We say “Hegel or Spinoza,” and not the inverse, because it is Spinoza who constitutes the true alternative to Hegelian philosophy. Therefore, the discussion we will undertake has more than one objective. It will not only make the limits of the Hegelian system apparent, a system whose universality is necessarily historical; it will allow us at the same time to extricate ourselves from the evolutionary conception of the history of philosophy, which is also the heritage of Hegelianism. According to this conception, Hegel proposed himself as the only possible alternative to Spinozism, the forerunner that ceded its place to that which came afterwards, in this movement of ascension that comes ever closer to the spirit itself. But here we would like to subvert the potency of this unitary and progressive interpretation of the history of philosophy, which is only apparently dialectical.
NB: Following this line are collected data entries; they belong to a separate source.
lemma slope_inv_slope [simp]: "x \<in> complements \<Longrightarrow> \<alpha> \<in> a \<Longrightarrow> slope x (inv_into b (slope x) \<alpha>) = \<alpha>"
  using slope_bij bij_betw_inv_into_right by metis

lemma inv_slope_slope [simp]: "x \<in> complements \<Longrightarrow> \<beta> \<in> b \<Longrightarrow> inv_into b (slope x) (slope x \<beta>) = \<beta>"
  using slope_bij bij_betw_inv_into_left by metis

lemma inv_slope_iso: "x \<in> complements \<Longrightarrow> inv_into b (slope x) \<in> iso A B"
  using group.iso_set_sym[OF B_group slope_iso] by simp

lemma hom_BA_closed: "f \<in> hom B A \<Longrightarrow> \<beta> \<in> b \<Longrightarrow> f \<beta> \<in> a"
  using hom_in_carrier by fastforce

lemma hom_BA_mult: "f \<in> hom B A \<Longrightarrow> \<beta> \<in> b \<Longrightarrow> \<beta>' \<in> b \<Longrightarrow> f (\<beta> \<otimes> \<beta>') = f \<beta> \<otimes> f \<beta>'"
  using hom_mult by fastforce

lemma hom_BA_inv:
  assumes f: "f \<in> hom B A" and "\<beta> \<in> b"
  shows "f (inv \<beta>) = inv (f \<beta>)"
proof -
  have "f (inv \<beta>) \<otimes> f \<beta> = f \<one>"
    using hom_BA_mult[OF f, of "inv \<beta>" \<beta>] \<open>\<beta> \<in> b\<close> by simp
  also have "\<dots> = \<one>" using hom_one[OF f B_group A_group] by simp
  finally show ?thesis
    using hom_BA_closed[OF f] \<open>\<beta> \<in> b\<close> by (simp add: inv_equality)
qed

lemma graph_subgroup:
  assumes f: "f \<in> hom B A"
  shows "subgroup (graph f) G"
proof (rule subgroupI)
  show "graph f \<subseteq> carrier G"
    unfolding graph_def using hom_BA_closed[OF f] by auto
  show "graph f \<noteq> {}"
    unfolding graph_def using subgroup.one_closed[OF b_subgroup] by blast
next
  fix \<xi> assume "\<xi> \<in> graph f"
  then obtain \<beta> where "\<beta> \<in> b" "\<xi> = f \<beta> \<otimes> \<beta>" unfolding graph_def by blast
  then have "inv \<xi> = f (inv \<beta>) \<otimes> inv \<beta>"
    using hom_BA_closed[OF f] hom_BA_inv[OF f] by (simp add: inv_components)
  then show "inv \<xi> \<in> graph f" unfolding graph_def using \<open>\<beta> \<in> b\<close> by simp
next
  fix \<xi> \<xi>' assume "\<xi> \<in> graph f" "\<xi>' \<in> graph f"
  then obtain \<beta> \<beta>' where "\<beta> \<in> b" "\<beta>' \<in> b" "\<xi> = f \<beta> \<otimes> \<beta>" "\<xi>' = f \<beta>' \<otimes> \<beta>'"
    unfolding graph_def by blast
  then have "\<xi> \<otimes> \<xi>' = f (\<beta> \<otimes> \<beta>') \<otimes> (\<beta> \<otimes> \<beta>')"
    using hom_BA_closed[OF f] hom_BA_mult[OF f] mult_components[of "f \<beta>" "f \<beta>'" \<beta> \<beta>'] by simp
  then show "\<xi> \<otimes> \<xi>' \<in> graph f" unfolding graph_def using \<open>\<beta> \<in> b\<close> \<open>\<beta>' \<in> b\<close> by simp
qed

lemma transv_a_graph:
  assumes f: "f \<in> hom B A"
  shows "transv G a (graph f)"
proof (rule transvI)
  fix \<omega> assume "\<omega> \<in> carrier G"
  then obtain \<alpha> \<beta> where "\<alpha> \<in> a" "\<beta> \<in> b" "\<omega> = \<alpha> \<otimes> \<beta>" using decomposition by blast
  then have "\<omega> = (\<alpha> \<otimes> inv (f \<beta>)) \<otimes> (f \<beta> \<otimes> \<beta>)" "\<alpha> \<otimes> inv (f \<beta>) \<in> a"
    using hom_BA_closed[OF f] by (simp_all add: m_assoc)
  then show "\<exists>\<xi>\<in>a. \<exists>\<eta>\<in>graph f. \<omega> = \<xi> \<otimes> \<eta>"
    unfolding graph_def using \<open>\<beta> \<in> b\<close> by blast
next
  fix \<alpha> \<alpha>' \<xi> \<xi>'
  assume "\<alpha> \<in> a" "\<alpha>' \<in> a" "\<xi> \<in> graph f" "\<xi>' \<in> graph f" "\<alpha> \<otimes> \<xi> = \<alpha>' \<otimes> \<xi>'"
  moreover obtain \<beta> \<beta>' where "\<beta> \<in> b" "\<beta>' \<in> b" "\<xi> = f \<beta> \<otimes> \<beta>" "\<xi>' = f \<beta>' \<otimes> \<beta>'"
    using \<open>\<xi> \<in> graph f\<close> \<open>\<xi>' \<in> graph f\<close> unfolding graph_def by blast
  ultimately have "(\<alpha> \<otimes> f \<beta>) \<otimes> \<beta> = (\<alpha>' \<otimes> f \<beta>') \<otimes> \<beta>'"
    using hom_BA_closed[OF f] by (simp add: m_assoc)
  then have "\<alpha> \<otimes> f \<beta> = \<alpha>' \<otimes> f \<beta>' \<and> \<beta> = \<beta>'"
    by (rule decomposition_unique[rotated 4])
      (use \<open>\<alpha> \<in> a\<close> \<open>\<alpha>' \<in> a\<close> \<open>\<beta> \<in> b\<close> \<open>\<beta>' \<in> b\<close> hom_BA_closed[OF f] in simp_all)
  then have "\<beta> = \<beta>'" "\<alpha> \<otimes> f \<beta> = \<alpha>' \<otimes> f \<beta>" by metis+
  then show "\<alpha> = \<alpha>' \<and> \<xi> = \<xi>'"
    using \<open>\<alpha> \<in> a\<close> \<open>\<alpha>' \<in> a\<close> \<open>\<beta> \<in> b\<close> \<open>\<xi> = f \<beta> \<otimes> \<beta>\<close> \<open>\<xi>' = f \<beta>' \<otimes> \<beta>'\<close> hom_BA_closed[OF f]
    by simp
qed
(* Let $r\ge1$, let $\mu=\langle\mu_1,\dots,\mu_{r+1}\rangle\in\mathbb{Z}^{r+1}$ with $\sum_i\mu_i=0$, and let $\Lambda\subseteq\Phi^+_{A_r}$. Let $\mathcal{T}=\Gamma(\Lambda)=\{T_{i,j}:\varepsilon_i-\varepsilon_{i+j}\in\Lambda\}$. Then $P_\Lambda(\mu)$ is in bijection with $\mathrm{JS}_{\mathcal{T}}(\langle\mu_1,\dots,\mu_r\rangle,\langle\mu_1+\cdots+\mu_r\rangle,r)$ (via juggling sequence $\mapsto$ multiset of roots $\varepsilon_i-\varepsilon_{i+j}$, one per throw at time $i$ to height $j$), and \[K_\Lambda(\mu)=\mathsf{js}_{\mathcal{T}}(\langle\mu_1,\dots,\mu_r\rangle,\langle\mu_1+\cdots+\mu_r\rangle,r).\]
   Context: A juggling state is a finitely supported integer vector $\mathbf{s}=\langle s_1,s_2,\dots\rangle$ indexed by heights (trailing zeros omitted; negative entries are magic balls). A juggling sequence of length $n$ from $\mathbf{a}$ to $\mathbf{b}$ is a sequence $(\mathbf{s}_0,\dots,\mathbf{s}_n)$ with $\mathbf{s}_0=\mathbf{a}$, $\mathbf{s}_n=\mathbf{b}$, such that for each $1\le i\le n$ there are nonnegative integers $c^{(i)}_k$ (finitely many nonzero) with $\sum_k c^{(i)}_k=(\mathbf{s}_{i-1})_1$ and $(\mathbf{s}_i)_k=(\mathbf{s}_{i-1})_{k+1}+c^{(i)}_k$ for all $k\ge1$; $c^{(i)}_j$ is the number of throws at time $i$ to height $j$, and $T_{i,j}$ denotes "a throw at time $i$ to height $j$". For a set $\mathcal{T}$ of throws, $\mathrm{JS}_{\mathcal{T}}(\mathbf{a},\mathbf{b},n)$ is the set of juggling sequences in which $c^{(i)}_j>0$ only if $T_{i,j}\in\mathcal{T}$, and $\mathsf{js}_{\mathcal{T}}$ its cardinality. $\Phi^+_{A_r}=\{\varepsilon_i-\varepsilon_j:1\le i<j\le r+1\}\subset\mathbb{R}^{r+1}$; for $\Lambda\subseteq\Phi^+_{A_r}$, $P_\Lambda(\mu)$ is the set of finite multisets of elements of $\Lambda$ summing to $\mu$ and $K_\Lambda(\mu)=|P_\Lambda(\mu)|$. *)

theory Defs
  imports Main "HOL-Library.Multiset"
begin

text \<open>Juggling states: integer vectors indexed by heights 1,2,...; represented as
  functions nat => int with the (unused) index 0 fixed to 0 and finite support.\<close>

definition juggling_state :: "(nat \<Rightarrow> int) \<Rightarrow> bool" where
  "juggling_state s \<longleftrightarrow> s 0 = 0 \<and> finite {k. s k \<noteq> 0}"

text \<open>One step of a juggling sequence at time i from state s to state t, with throws
  restricted to the set T of throws (a throw T_{i,j} is the pair (i,j)).
  The throw counts c k (k >= 1) are uniquely determined: c k = t k - s (k+1).\<close>

definition juggling_step :: "(nat \<times> nat) set \<Rightarrow> nat \<Rightarrow> (nat \<Rightarrow> int) \<Rightarrow> (nat \<Rightarrow> int) \<Rightarrow> bool" where
  "juggling_step T i s t \<longleftrightarrow>
     (\<exists>c :: nat \<Rightarrow> nat. c 0 = 0 \<and> finite {k. c k \<noteq> 0}
        \<and> int (\<Sum>k\<in>{k. c k \<noteq> 0}. c k) = s 1
        \<and> (\<forall>k\<ge>1. t k = s (k + 1) + int (c k))
        \<and> (\<forall>k. 0 < c k \<longrightarrow> (i, k) \<in> T))"

definition JS :: "(nat \<times> nat) set \<Rightarrow> (nat \<Rightarrow> int) \<Rightarrow> (nat \<Rightarrow> int) \<Rightarrow> nat \<Rightarrow> (nat \<Rightarrow> int) list set" where
  "JS T a b n = {ss. length ss = n + 1 \<and> ss ! 0 = a \<and> ss ! n = b
      \<and> (\<forall>s\<in>set ss. juggling_state s)
      \<and> (\<forall>i\<in>{1..n}. juggling_step T i (ss ! (i - 1)) (ss ! i))}"

definition js :: "(nat \<times> nat) set \<Rightarrow> (nat \<Rightarrow> int) \<Rightarrow> (nat \<Rightarrow> int) \<Rightarrow> nat \<Rightarrow> nat" where
  "js T a b n = card (JS T a b n)"

definition throw_count :: "(nat \<Rightarrow> int) list \<Rightarrow> nat \<Rightarrow> nat \<Rightarrow> nat" where
  "throw_count ss i j = nat ((ss ! i) j - (ss ! (i - 1)) (j + 1))"

text \<open>Vectors in Z^{r+1} as functions nat => int (coordinates 1..r+1).
  The root eps_i - eps_j.\<close>

definition root :: "nat \<Rightarrow> nat \<Rightarrow> (nat \<Rightarrow> int)" where
  "root i j = (\<lambda>k. (if k = i then 1 else 0) - (if k = j then 1 else 0))"

definition pos_roots_A :: "nat \<Rightarrow> (nat \<Rightarrow> int) set" where
  "pos_roots_A r = {root i j | i j. 1 \<le> i \<and> i < j \<and> j \<le> r + 1}"

definition vsum :: "(nat \<Rightarrow> int) multiset \<Rightarrow> (nat \<Rightarrow> int)" where
  "vsum M = (\<lambda>k. \<Sum>x\<in>#M. x k)"

definition P_part :: "(nat \<Rightarrow> int) set \<Rightarrow> (nat \<Rightarrow> int) \<Rightarrow> (nat \<Rightarrow> int) multiset set" where
  "P_part \<Lambda> \<mu> = {M. set_mset M \<subseteq> \<Lambda> \<and> vsum M = \<mu>}"

definition K_part :: "(nat \<Rightarrow> int) set \<Rightarrow> (nat \<Rightarrow> int) \<Rightarrow> nat" where
  "K_part \<Lambda> \<mu> = card (P_part \<Lambda> \<mu>)"

definition Gamma :: "(nat \<Rightarrow> int) set \<Rightarrow> (nat \<times> nat) set" where
  "Gamma \<Lambda> = {(i, j). 1 \<le> i \<and> 1 \<le> j \<and> root i (i + j) \<in> \<Lambda>}"

definition js_to_roots :: "nat \<Rightarrow> (nat \<Rightarrow> int) list \<Rightarrow> (nat \<Rightarrow> int) multiset" where
  "js_to_roots n ss = (\<Sum>i\<in>{1..n}. \<Sum>j\<in>{j. 1 \<le> j \<and> 0 < throw_count ss i j}.
        replicate_mset (throw_count ss i j) (root i (i + j)))"

end

theory Submission
  imports Defs
begin

text \<open>Record a juggling sequence of length r by its throw counts m i j (throw at time i to
  height j, so 1 \<le> i, 1 \<le> j, i + j \<le> r + 1) and send each throw to the root
  \<open>\<epsilon>\<^sub>i - \<epsilon>\<^sub>i\<^sub>+\<^sub>j\<close>. The coordinate k of the resulting sum is the number of throws made at time k
  minus the number of balls landing at time k. The balls thrown at time k are exactly those
  at height 1 before that step, which are the balls \<open>\<mu>\<^sub>k\<close> of the initial state plus the balls
  landing at time k; hence coordinate k equals \<open>\<mu>\<^sub>k\<close> for k \<le> r. Coordinate r + 1 counts only
  landings, i.e. the balls of the final state, and \<open>-(\<mu>\<^sub>1 + \<dots> + \<mu>\<^sub>r) = \<mu>\<^sub>r\<^sub>+\<^sub>1\<close>. Conversely, every state of the sequence
  is the initial state shifted down plus the balls already thrown, so the sequence is
  recovered from the multiset of roots.\<close>

lemma root_apply: "root i l k = (if k = i then 1 else 0) - (if k = l then 1 else 0)"
  by (simp add: root_def)

lemma root_eq_root_iff:
  assumes "i < l" "i' < l'"
  shows "root i l = root i' l' \<longleftrightarrow> i = i' \<and> l = l'"
proof
  assume "root i l = root i' l'"
  then have "root i l i = root i' l' i" "root i l l = root i' l' l" by auto
  then show "i = i' \<and> l = l'" using assms unfolding root_def by (auto split: if_splits)
qed auto

lemma mem_pos_roots_A_iff:
  "x \<in> pos_roots_A r \<longleftrightarrow> (\<exists>i j. 1 \<le> i \<and> 1 \<le> j \<and> i + j \<le> r + 1 \<and> x = root i (i + j))"
proof
  assume "x \<in> pos_roots_A r"
  then obtain i l where "x = root i l" "1 \<le> i" "i < l" "l \<le> r + 1"
    unfolding pos_roots_A_def by blast
  then show "\<exists>i j. 1 \<le> i \<and> 1 \<le> j \<and> i + j \<le> r + 1 \<and> x = root i (i + j)"
    by (intro exI[of _ i] exI[of _ "l - i"]) auto
qed (force simp: pos_roots_A_def)

lemma root_add_in_pos_roots_A_iff:
  assumes "1 \<le> i" "1 \<le> j"
  shows "root i (i + j) \<in> pos_roots_A r \<longleftrightarrow> i + j \<le> r + 1"
proof
  assume "root i (i + j) \<in> pos_roots_A r"
  then obtain i' j' where "1 \<le> j'" "i' + j' \<le> r + 1" "root i (i + j) = root i' (i' + j')"
    unfolding mem_pos_roots_A_iff by blast
  with assms root_eq_root_iff[of i "i + j" i' "i' + j'"] show "i + j \<le> r + 1" by auto
qed (use assms in \<open>auto simp: mem_pos_roots_A_iff\<close>)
According to Hegel, Spinoza’s thought is not yet dialectical enough. And what if it were too much—or at least, if it were so in a way that was unacceptable to Hegel? The denial of this dialectic—let us say, to move ahead quickly, of a dialectic without teleology—toward which Hegel proceeds via the intermediary of Spinoza is his way of addressing an insurmountable obstacle in the development of his own thought: that of a discourse that we must not say is not yet Hegelian but is so no longer. And it is here that the evolutionist presentation of the history of philosophy lies in ruins: because Spinoza himself also refutes Hegel, objectively.